Thankful Thanksgiving Day 5: Electronic Age

Published by Wayne on

Today I am thankful for living in the Electronic Age. When I was born, communicating with people far away was done via phone or postal (snail) mail. There were limited forms of the internet but that wasn’t available to general public. A hundred years before that, there was just telegrams. A hundred years before that, just snail mail.

It’s amazing to live in a time where with a few clicks, you can talk face to face with someone on the other side of the world (or who aren’t even on this world in the case of astronauts). For so much of human history, your world revolved around people within 20miles or so of you.

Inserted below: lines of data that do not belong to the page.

(* Let $H$ denote the Hilbert transform on $\mathbb{R}$ normalized so that $H(\chi_{(0,1)})(y)=\log\frac{|y|}{|y-1|}$, and let $H^{*}g(x)=\sup_{\epsilon>0}\big|\int_{|x-y|>\epsilon}\frac{g(y)}{x-y}\,dy\big|$ be the associated maximal operator (same normalization). Let $f=\chi_{(0,1)}$. Then there exist constants $m>1$ and $C>0$ such that $$H^{*}(Hf)(x)\ge C\,\frac{\log x}{x}\qquad\text{for all }x>m.$$ *)

theory Defs
  imports "HOL-Analysis.Analysis"
begin

definition hilbert_trunc :: "(real \<Rightarrow> real) \<Rightarrow> real \<Rightarrow> real \<Rightarrow> real" where
  "hilbert_trunc g eps x = (LINT y:{y. \<bar>x - y\<bar> > eps}|lborel. g y / (x - y))"

definition hilbert :: "(real \<Rightarrow> real) \<Rightarrow> real \<Rightarrow> real" where
  "hilbert g x = Lim (at_right 0) (\<lambda>eps. hilbert_trunc g eps x)"

definition hilbert_max :: "(real \<Rightarrow> real) \<Rightarrow> real \<Rightarrow> ereal" where
  "hilbert_max g x = (SUP eps\<in>{0<..}. ereal \<bar>hilbert_trunc g eps x\<bar>)"

end

theory Submission imports Defs begin

(*
  Off [0,1] the principal value is attained for small eps, so
  h(y) = H(chi_(0,1))(y) = ln|y| - ln|y - 1|.  For large x we use the single
  truncation level eps = x + 1, whose integration region is
  R = (-inf,-1) union (2x+1, inf), lying entirely off [0,1].  There the
  integrand h(y)/(x - y) is integrable (it is O(1/y^2)), it is nonpositive on
  both components, and on (-x,-1) it is at most 1/(4xy), whose integral is
  -ln x/(4x).  Hence the truncated transform at level x + 1 has absolute value
  at least ln x/(4x), and the maximal operator dominates every truncation.
*)

lemma interval_integral_cauchy_kernel:
  fixes a b y :: real
  assumes "a < b" and "y < a \<or> y > b"
  shows "(LINT t:{a<..<b}|lborel. 1 / (y - t)) = ln \<bar>y - a\<bar> - ln \<bar>y - b\<bar>"
proof -
  have "(LBINT t=ereal a..ereal b. 1 / (y - t)) = ln \<bar>y - a\<bar> - ln \<bar>y - b\<bar>"
  proof (cases "y < a")
    case True
    have "(LBINT t=ereal a..ereal b. 1 / (y - t)) = (\<lambda>t. - ln (t - y)) b - (\<lambda>t. - ln (t - y)) a"
      by (rule interval_integral_FTC_finite)
        (use True \<open>a < b\<close> in \<open>auto intro!: continuous_intros derivative_eq_intros
           simp flip: has_real_derivative_iff_has_vector_derivative simp: field_simps\<close>)
    then show ?thesis using True \<open>a < b\<close> by simp
  next
    case False
    then have "y > b" using assms by auto
    have "(LBINT t=ereal a..ereal b. 1 / (y - t)) = (\<lambda>t. - ln (y - t)) b - (\<lambda>t. - ln (y - t)) a"
      by (rule interval_integral_FTC_finite)
        (use \<open>y > b\<close> \<open>a < b\<close> in \<open>auto intro!: continuous_intros derivative_eq_intros
           simp flip: has_real_derivative_iff_has_vector_derivative simp: field_simps\<close>)
    then show ?thesis using \<open>y > b\<close> \<open>a < b\<close> by simp
  qed
  then show ?thesis using \<open>a < b\<close> by (simp add: interval_lebesgue_integral_def)
qed

text \<open>Off the closed interval the truncations are eventually constant, so the
  principal value exists and equals the logarithmic expression.\<close>
lemma hilbert_indicator_interval:
  fixes a b y :: real
  assumes "a < b" and "y < a \<or> y > b"
  shows "hilbert (indicator {a<..<b}) y = ln \<bar>y - a\<bar> - ln \<bar>y - b\<bar>"
proof -
  define d where "d = (if y < a then a - y else y - b)"
  have "d > 0" using assms by (auto simp: d_def)
  have trunc_eq: "hilbert_trunc (indicator {a<..<b}) eps y = ln \<bar>y - a\<bar> - ln \<bar>y - b\<bar>"
    if "0 < eps" "eps < d" for eps
  proof -
    have "hilbert_trunc (indicator {a<..<b}) eps y = (LINT t:{a<..<b}|lborel. 1 / (y - t))"
      unfolding hilbert_trunc_def set_lebesgue_integral_def
      by (rule Bochner_Integration.integral_cong)
        (use that assms in \<open>auto simp: d_def indicator_def split: if_splits\<close>)
    then show ?thesis using interval_integral_cauchy_kernel[OF assms] by simp
  qed
  have "eventually (\<lambda>eps. hilbert_trunc (indicator {a<..<b}) eps y = ln \<bar>y - a\<bar> - ln \<bar>y - b\<bar>)
          (at_right 0)"
    unfolding eventually_at_right[OF \<open>d > 0\<close>] using trunc_eq \<open>d > 0\<close> by blast
  then have "((\<lambda>eps. hilbert_trunc (indicator {a<..<b}) eps y) \<longlongrightarrow> ln \<bar>y - a\<bar> - ln \<bar>y - b\<bar>)
               (at_right 0)"
    by (rule tendsto_eventually)
  then show ?thesis unfolding hilbert_def by (intro tendsto_Lim) auto
qed

lemma hilbert_trunc_le_hilbert_max:
  assumes "eps > 0"
  shows "ereal \<bar>hilbert_trunc g eps x\<bar> \<le> hilbert_max g x"
  unfolding hilbert_max_def using assms by (intro SUP_upper) auto

lemma log_kernel_neg_upper:
  fixes y :: real assumes "y < 0"
  shows "ln \<bar>y\<bar> - ln \<bar>y - 1\<bar> \<le> - 1 / (1 - y)"
proof -
  have "ln \<bar>y\<bar> - ln \<bar>y - 1\<bar> = ln (-y) - ln (1 - y)" using assms by simp
  also have "\<dots> = ln ((-y) / (1 - y))" using assms by (subst ln_div) auto
  also have "\<dots> \<le> (-y) / (1 - y) - 1"
    using assms by (intro ln_le_minus_one) (auto intro!: divide_neg_pos)
  also have "\<dots> = - 1 / (1 - y)" using assms by (simp add: field_simps)
  finally show ?thesis .
qed

lemma log_kernel_neg_abs:
  fixes y :: real assumes "y < 0"
  shows "\<bar>ln \<bar>y\<bar> - ln \<bar>y - 1\<bar>\<bar> \<le> 1 / (-y)"
proof -
  have "ln \<bar>y\<bar> - ln \<bar>y - 1\<bar> = - (ln (1 - y) - ln (-y))" using assms by simp
  also have "\<dots> = - ln ((1 - y) / (-y))" using assms by (subst ln_div) auto
  also have "(1 - y) / (-y) = 1 + 1 / (-y)" using assms by (simp add: field_simps)
  finally have eq: "ln \<bar>y\<bar> - ln \<bar>y - 1\<bar> = - ln (1 + 1 / (-y))" .
  have "ln (1 + 1 / (-y)) \<le> 1 / (-y)" using assms by (intro ln_add_one_self_le_self) auto
  moreover have "ln (1 + 1 / (-y)) \<ge> 0" using assms by auto
  ultimately show ?thesis using eq by simp
qed

lemma log_kernel_right:
  fixes y :: real assumes "y > 1"
  shows "0 < ln \<bar>y\<bar> - ln \<bar>y - 1\<bar>" and "ln \<bar>y\<bar> - ln \<bar>y - 1\<bar> \<le> 1 / (y - 1)"
proof -
  have "ln \<bar>y\<bar> - ln \<bar>y - 1\<bar> = ln y - ln (y - 1)" using assms by simp
  also have "\<dots> = ln (y / (y - 1))" using assms by (subst ln_div) auto
  also have "y / (y - 1) = 1 + 1 / (y - 1)" using assms by (simp add: field_simps)
  finally have eq: "ln \<bar>y\<bar> - ln \<bar>y - 1\<bar> = ln (1 + 1 / (y - 1))" .
  show "0 < ln \<bar>y\<bar> - ln \<bar>y - 1\<bar>" unfolding eq using assms by (intro ln_gt_zero) simp
  show "ln \<bar>y\<bar> - ln \<bar>y - 1\<bar> \<le> 1 / (y - 1)"
    unfolding eq using assms by (intro ln_add_one_self_le_self) auto
qed

lemma inverse_square_integrable_off_unit:
  "set_integrable lborel {y::real. 1 \<le> \<bar>y\<bar>} (\<lambda>y. 1 / y^2)"
proof -
  have "(\<lambda>y::real. 1 / y ^ 2) integrable_on {1..}"
    using has_integral_inverse_power_to_inf[of 2 1] unfolding integrable_on_def by auto
  then have "(\<lambda>y::real. 1 / y ^ 2) absolutely_integrable_on {1..}"
    by (subst absolutely_integrable_on_iff_nonneg) auto
  then have right: "integrable lborel (\<lambda>y::real. indicator {1..} y * (1 / y^2))"
    unfolding set_integrable_def by (subst (asm) integrable_completion) auto
  have left: "integrable lborel (\<lambda>y::real. indicator {1..} (-y) * (1 / (-y)^2))"
    using right by (subst (asm) lborel_integrable_real_affine_iff[of "-1" _ 0, symmetric]) auto
  have "integrable lborel (\<lambda>y::real. indicator {1..} y * (1 / y^2) + indicator {1..} (-y) * (1 / (-y)^2))"
    using right left by (rule Bochner_Integration.integrable_add)
  also have "(\<lambda>y::real. indicator {1..} y * (1 / y^2) + indicator {1..} (-y) * (1 / (-y)^2)) =
             (\<lambda>y. indicator {y::real. 1 \<le> \<bar>y\<bar>} y *\<^sub>R (1 / y^2))"
    by (auto simp: indicator_def abs_if fun_eq_iff)
  finally show ?thesis unfolding set_integrable_def .
qed

lemma far_integrand_bound:
  fixes x y :: real assumes "x > 2" and "x + 1 < \<bar>x - y\<bar>"
  shows "\<bar>(ln \<bar>y\<bar> - ln \<bar>y - 1\<bar>) / (x - y)\<bar> \<le> 4 * (1 / y^2)"
proof -
  consider "y < -1" | "y > 2 * x + 1" using assms by (cases "y \<le> x") auto
  then show ?thesis
  proof cases
    case 1
    have "\<bar>(ln \<bar>y\<bar> - ln \<bar>y - 1\<bar>) / (x - y)\<bar> = \<bar>ln \<bar>y\<bar> - ln \<bar>y - 1\<bar>\<bar> / (x - y)"
      using 1 assms by (simp add: abs_div)
    also have "\<dots> \<le> (1 / (-y)) / (-y)"
      using 1 assms log_kernel_neg_abs[of y] by (intro frac_le) auto
    also have "\<dots> = 1 / y^2" using 1 by (simp add: field_simps power2_eq_square)
    also have "\<dots> \<le> 4 * (1 / y^2)" by (simp add: divide_right_mono)
    finally show ?thesis .
  next
    case 2
    have "1 / (y - 1) \<le> 2 / y" using 2 assms by (simp add: field_simps)
    then have kernel_le: "ln \<bar>y\<bar> - ln \<bar>y - 1\<bar> \<le> 2 / y"
      using 2 assms log_kernel_right(2)[of y] by linarith
    have "\<bar>(ln \<bar>y\<bar> - ln \<bar>y - 1\<bar>) / (x - y)\<bar> = (ln \<bar>y\<bar> - ln \<bar>y - 1\<bar>) / (y - x)"
      using 2 assms log_kernel_right(1)[of y] by (simp add: abs_div abs_minus_commute)
    also have "\<dots> \<le> (2 / y) / (y / 2)"
      using 2 assms kernel_le by (intro frac_le) auto
    also have "\<dots> = 4 * (1 / y^2)" using 2 assms by (simp add: field_simps power2_eq_square)
    finally show ?thesis .
  qed
qed

lemma far_integrand_le:
  fixes x y :: real assumes "x > 2" and "x + 1 < \<bar>x - y\<bar>"
  shows "(ln \<bar>y\<bar> - ln \<bar>y - 1\<bar>) / (x - y) \<le> indicator {-x<..<-1} y * (1 / (4 * x * y))"
proof -
  consider "y < -1" | "y > 2 * x + 1" using assms by (cases "y \<le> x") auto
  then show ?thesis
  proof cases
    case 1
    have kernel: "ln \<bar>y\<bar> - ln \<bar>y - 1\<bar> \<le> - 1 / (1 - y)"
      using 1 by (intro log_kernel_neg_upper) auto
    show ?thesis
    proof (cases "y > -x")
      case False
      have "- 1 / (1 - y) < 0" using 1 by (intro divide_neg_pos) auto
      then have "(ln \<bar>y\<bar> - ln \<bar>y - 1\<bar>) / (x - y) \<le> 0"
        using kernel 1 assms by (intro divide_nonpos_pos) auto
      then show ?thesis using False by simp
    next
      case True
      have "- 1 / (1 - y) \<le> - 1 / (2 * (-y))" using 1 by (simp add: field_simps)
      then have "ln \<bar>y\<bar> - ln \<bar>y - 1\<bar> \<le> - 1 / (2 * (-y))" using kernel by linarith
      then have "(ln \<bar>y\<bar> - ln \<bar>y - 1\<bar>) / (x - y) \<le> (- 1 / (2 * (-y))) / (x - y)"
        using 1 assms by (intro divide_right_mono) auto
      also have "\<dots> \<le> (- 1 / (2 * (-y))) / (2 * x)"
        using 1 True assms by (intro divide_left_mono_neg) (auto simp: field_simps)
      also have "\<dots> = 1 / (4 * x * y)" using 1 assms by (simp add: field_simps)
      finally show ?thesis using 1 True by simp
    qed
  next
    case 2
    have "(ln \<bar>y\<bar> - ln \<bar>y - 1\<bar>) / (x - y) \<le> 0"
      using 2 assms log_kernel_right(1)[of y] by (intro divide_nonneg_neg) auto
    then show ?thesis using 2 assms by simp
  qed
qed

lemma comparison_integral:
  fixes x :: real assumes "x > 1"
  shows "set_integrable lborel {-x<..<-1} (\<lambda>y. 1 / (4 * x * y))"
    and "(LINT y:{-x<..<-1}|lborel. 1 / (4 * x * y)) = - ln x / (4 * x)"
proof -
  have "continuous_on {-x..-1} (\<lambda>y. 1 / (4 * x * y))"
    using assms by (auto intro!: continuous_intros)
  then show "set_integrable lborel {-x<..<-1} (\<lambda>y. 1 / (4 * x * y))"
    by (rule set_integrable_subset[OF borel_integrable_atLeastAtMost']) auto
  have "(LBINT y=ereal (-x)..ereal (-1). 1 / (4 * x * y)) =
      (\<lambda>y. ln (-y) / (4 * x)) (-1) - (\<lambda>y. ln (-y) / (4 * x)) (-x)"
    by (rule interval_integral_FTC_finite)
      (use assms in \<open>auto intro!: continuous_intros derivative_eq_intros
           simp flip: has_real_derivative_iff_has_vector_derivative simp: field_simps\<close>)
  then show "(LINT y:{-x<..<-1}|lborel. 1 / (4 * x * y)) = - ln x / (4 * x)"
    using assms by (simp add: interval_lebesgue_integral_def)
qed

text \<open>At level x + 1 the truncated transform of h is a Lebesgue integral over the
  region off [0,1]; comparing with 1/(4xy) on (-x,-1) gives the upper bound.\<close>
lemma hilbert_trunc_far_upper:
  fixes x :: real assumes "x > 2"
  shows "hilbert_trunc (hilbert (indicator {0<..<1})) (x + 1) x \<le> - ln x / (4 * x)"
proof -
  define R where "R = {y::real. x + 1 < \<bar>x - y\<bar>}"
  define \<phi> where "\<phi> y = (ln \<bar>y\<bar> - ln \<bar>y - 1\<bar>) / (x - y)" for y :: real
  have R_off_interval: "y < 0 \<or> y > 1" if "y \<in> R" for y
    using that assms by (auto simp: R_def)
  have R_meas: "R \<in> sets lborel" unfolding R_def by measurable
  have trunc_eq: "hilbert_trunc (hilbert (indicator {0<..<1})) (x + 1) x = (LINT y:R|lborel. \<phi> y)"
    unfolding hilbert_trunc_def R_def[symmetric]
    by (rule set_lebesgue_integral_cong[OF R_meas])
      (auto simp: \<phi>_def hilbert_indicator_interval R_off_interval)
  have "set_integrable lborel R \<phi>"
  proof (rule set_integrable_bound[OF _ _ AE_I2])
    have "set_integrable lborel {y::real. 1 \<le> \<bar>y\<bar>} (\<lambda>y. 4 * (1 / y^2))"
      using inverse_square_integrable_off_unit by (intro set_integrable_mult_right)
    then show "set_integrable lborel R (\<lambda>y. 4 * (1 / y^2))"
      by (rule set_integrable_subset) (use R_meas assms in \<open>auto simp: R_def\<close>)
    show "set_borel_measurable lborel R \<phi>"
      unfolding set_borel_measurable_def \<phi>_def using R_meas by measurable
    show "y \<in> R \<longrightarrow> norm (\<phi> y) \<le> norm (4 * (1 / y^2))" for y
      using far_integrand_bound[OF assms, of y] by (auto simp: R_def \<phi>_def)
  qed
  moreover have "indicator R y *\<^sub>R \<phi> y \<le> indicator {-x<..<-1} y *\<^sub>R (1 / (4 * x * y))" for y
  proof (cases "y \<in> R")
    case True
    then show ?thesis using far_integrand_le[OF assms, of y] by (simp add: R_def \<phi>_def)
  next
    case False
    then have "y \<notin> {-x<..<-1}" by (auto simp: R_def)
    then show ?thesis using False by simp
  qed
  ultimately have "(LINT y:R|lborel. \<phi> y) \<le> (LINT y:{-x<..<-1}|lborel. 1 / (4 * x * y))"
    using comparison_integral(1)[of x] assms
    unfolding set_lebesgue_integral_def set_integrable_def by (intro integral_mono) auto
  then show ?thesis using trunc_eq comparison_integral(2)[of x] assms by simp
qed

theorem mainTheorem8:
  shows "\<exists>m>1. \<exists>C>0. \<forall>x>m.
    ereal (C * ln x / x) \<le> hilbert_max (hilbert (indicator {0<..<1})) x"
proof (rule exI[of _ 2], intro conjI exI[of _ "1/4"] allI impI)
  fix x :: real assume "x > 2"
  have "hilbert_trunc (hilbert (indicator {0<..<1})) (x + 1) x \<le> - (1 / 4 * ln x / x)"
    using hilbert_trunc_far_upper[OF \<open>x > 2\<close>] by simp
  then have "1 / 4 * ln x / x \<le> \<bar>hilbert_trunc (hilbert (indicator {0<..<1})) (x + 1) x\<bar>"
    by linarith
  then have "ereal (1 / 4 * ln x / x) \<le> ereal \<bar>hilbert_trunc (hilbert (indicator {0<..<1})) (x + 1) x\<bar>"
    by simp
  also have "\<dots> \<le> hilbert_max (hilbert (indicator {0<..<1})) x"
    using \<open>x > 2\<close> by (intro hilbert_trunc_le_hilbert_max) simp
  finally show "ereal (1 / 4 * ln x / x) \<le> hilbert_max (hilbert (indicator {0<..<1})) x"
    by simp
qed simp_all

end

People might travel all over the world, but that could take years and they would essentially cease to exist for those years.

Now, I live in Texas while my sisters live in Florida and Missouri and my parents in Maine. My father-in-law lives in Azerbaijan, almost literally the other side of the world (our antipode is actually in the middle of the Indian Ocean, but longitudially we’re 144 degrees apart). Yet we are still able to talk to our families despite the distance.

I use to play a SWRPG game with people all over the country, people I’ve never met in person but have been friends with for 5+yrs. One of our long time guild members lives in Sweden. I’ve gamed with people in Australia, Turkey, and France.

Email, Facebook, Twitter, cell phones, smart phones, Skype, Ventrilo, Team Speak Xbox Live, Playstation Network, MMO’s, forums, blogs, YouTube; love them or hate them, they all work together to bring about a shrinking of the world. People aren’t a mysterious Other anymore. They are people who are just as far away as your parents.